Hi, I'm currently doing a WES pipeline to identify variants in human sequences, currently using (in order of use):
Read QC and trimming: fastq
Alignment: bwa index, bwa mem, samtools view, samtools sort, and samtools index.
Remove PCR duplicates: picard markduplicates?
When it comes to removing PCR duplicates, I have seen that picard's markduplicate works to identify any duplicates.
java -jar MarkDuplicates.jar I=PE_samtoolssorted.bam
O=markedduplicates.bam M=markedduplicatesmetrics.txt
However when it comes to removing the PCR duplicates that are found online that just adding REMOVE_DUPLICATES=true removes them?
java -jar MarkDuplicates.jar I=PE_samtoolssorted.bam O=removedduplicates.bam M=markedduplicatesmetrics.txt
REMOVE_DUPLICATES=true
The output of this will be a sorted bam file with the removed PCR duplicates?
Would the input for a variant caller like deepvariant, which requires a sorted bam file be this removedduplicates.bam file?
and if so, would it be this removedduplicatessorted.bam file that needs indexing for input into deepvariant rather than the original PE_samtoolssorted.bam?

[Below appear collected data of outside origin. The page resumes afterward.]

lemma card_knodel_neighbours_le: "card {v. knodel_edge \<Delta> n v d} \<le> \<Delta>"
proof -
  define m where "m = n div 2"
  (* on side 2, the neighbour (1, j) at offset 2^k - 1 is recovered by rotating back *)
  define f where "f k = (if fst d = 1 then (2::nat, (snd d + (2 ^ k - 1)) mod m)
                         else (1, (snd d + (m - (2 ^ k - 1) mod m)) mod m))" for k :: nat
  have "{v. knodel_edge \<Delta> n v d} \<subseteq> f ` {..<\<Delta>}"
  proof
    fix v
    assume "v \<in> {v. knodel_edge \<Delta> n v d}"
    then obtain k where k: "k < \<Delta>" and v: "v \<in> knodel_vertices n"
      and e: "(fst d = 1 \<and> fst v = 2 \<and> snd v = (snd d + (2 ^ k - 1)) mod m) \<or>
              (fst v = 1 \<and> fst d = 2 \<and> snd d = (snd v + (2 ^ k - 1)) mod m)"
      unfolding knodel_edge_iff m_def by blast
    have "snd v < m"
      using v by (cases v) (simp add: mem_knodel_vertices m_def)
    then have "v = f k"
      using e mod_add_inverse[of "snd v" m "2 ^ k - 1"] by (cases v) (auto simp: f_def)
    with k show "v \<in> f ` {..<\<Delta>}"
      by blast
  qed
  then have "card {v. knodel_edge \<Delta> n v d} \<le> card (f ` {..<\<Delta>})"
    by (intro card_mono) auto
  also have "\<dots> \<le> \<Delta>"
    using card_image_le[of "{..<\<Delta>}" f] by simp
  finally show ?thesis .
qed

definition knodel_rotate :: "nat \<Rightarrow> nat \<Rightarrow> nat \<times> nat \<Rightarrow> nat \<times> nat" where
  "knodel_rotate n s v = (fst v, (snd v + s) mod (n div 2))"

lemma fst_knodel_rotate [simp]: "fst (knodel_rotate n s v) = fst v"
  by (simp add: knodel_rotate_def)

lemma knodel_rotate_in_vertices:
  "v \<in> knodel_vertices n \<Longrightarrow> knodel_rotate n s v \<in> knodel_vertices n"
  by (cases v) (auto simp: mem_knodel_vertices knodel_rotate_def)

lemma knodel_rotate_inverse:
  assumes "v \<in> knodel_vertices n"
  shows "knodel_rotate n (n div 2 - s mod (n div 2)) (knodel_rotate n s v) = v"
  using assms mod_add_inverse[of "snd v" "n div 2" s]
  by (cases v) (simp add: mem_knodel_vertices knodel_rotate_def)

lemma inj_on_knodel_rotate: "inj_on (knodel_rotate n s) (knodel_vertices n)"
  by (rule inj_on_inverseI) (rule knodel_rotate_inverse)

lemma knodel_rotate_image: "knodel_rotate n s ` knodel_vertices n = knodel_vertices n"
  by (intro endo_inj_surj finite_knodel_vertices inj_on_knodel_rotate)
    (auto intro: knodel_rotate_in_vertices)

lemma snd_knodel_rotate_offset:
  assumes "snd y = (snd x + c) mod (n div 2)"
  shows "snd (knodel_rotate n s y) = (snd (knodel_rotate n s x) + c) mod (n div 2)"
  using assms by (simp add: knodel_rotate_def mod_simps ac_simps)

lemma knodel_edge_rotate:
  assumes "knodel_edge \<Delta> n x y"
  shows "knodel_edge \<Delta> n (knodel_rotate n s x) (knodel_rotate n s y)"
  using assms knodel_rotate_in_vertices snd_knodel_rotate_offset
  unfolding knodel_edge_iff fst_knodel_rotate by blast

lemma finite_knodel_neighbours: "finite {v. knodel_edge \<Delta> n v d}"
  by (rule finite_subset[OF _ finite_knodel_vertices]) (auto simp: knodel_edge_def)

lemma knodel_dominating_side_le:
  assumes "dominating W (knodel_edge \<Delta> n) D" "W \<subseteq> knodel_vertices n"
  shows "card {v\<in>W. fst v = i} \<le> card {d\<in>D. fst d = i} + \<Delta> * card {d\<in>D. fst d \<noteq> i}"
proof -
  have "finite W"
    using assms(2) finite_knodel_vertices by (rule finite_subset)
  then have "finite D"
    using assms(1) by (auto simp: dominating_def intro: finite_subset)
  have neighbours: "card {v\<in>W. fst v = i \<and> knodel_edge \<Delta> n v d} \<le> (if fst d \<noteq> i then \<Delta> else 0)"
    for d
  proof (cases "fst d = i")
    case True
    then have "{v\<in>W. fst v = i \<and> knodel_edge \<Delta> n v d} = {}"
      using knodel_edge_fst by fastforce
    then have "card {v\<in>W. fst v = i \<and> knodel_edge \<Delta> n v d} = 0"
      by (simp only: card.empty)
    with True show ?thesis
      by simp
  next
    case False
    have "card {v\<in>W. fst v = i \<and> knodel_edge \<Delta> n v d} \<le> card {v. knodel_edge \<Delta> n v d}"
      by (intro card_mono finite_knodel_neighbours) blast
    with False card_knodel_neighbours_le[of \<Delta> n d] show ?thesis
      by simp
  qed
  have "card {v\<in>W. fst v = i}
      \<le> card {d\<in>D. fst d = i} + (\<Sum>d\<in>D. card {v\<in>W. fst v = i \<and> knodel_edge \<Delta> n v d})"
    using assms(1) \<open>finite W\<close> by (rule card_dominated_le)
  also have "(\<Sum>d\<in>D. card {v\<in>W. fst v = i \<and> knodel_edge \<Delta> n v d})
      \<le> (\<Sum>d\<in>D. if fst d \<noteq> i then \<Delta> else 0)"
    by (rule sum_mono) (rule neighbours)
  also have "\<dots> = \<Delta> * card {d\<in>D. fst d \<noteq> i}"
    using \<open>finite D\<close> by (simp add: sum.inter_filter[symmetric])
  finally show ?thesis
    by simp
qed

lemma knodel_card_le_dominating:
  assumes "dominating W (knodel_edge \<Delta> n) D" "W \<subseteq> knodel_vertices n"
  shows "card W \<le> (\<Delta> + 1) * card D"
proof (rule card_dominated_le_degree[OF assms(1)])
  show "finite W"
    using assms(2) finite_knodel_vertices by (rule finite_subset)
  fix d
  have "card {v\<in>W. knodel_edge \<Delta> n v d} \<le> card {v. knodel_edge \<Delta> n v d}"
    by (intro card_mono finite_knodel_neighbours) blast
  then show "card {v\<in>W. knodel_edge \<Delta> n v d} \<le> \<Delta>"
    using card_knodel_neighbours_le by (rule le_trans)
qed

Thanks! Sorry if confusing. Amy
According to the documentation, yes,
REMOVE_DUPLICATES=true
should output an alignment file in which the duplicate reads have been removed. You will then likely need to sort the output and index the sorted file. The sorted file (which doesn't have any duplicate reads) would then be used for further downstream analyses (assuming that that is the appropriate input file for the steps you want to perform).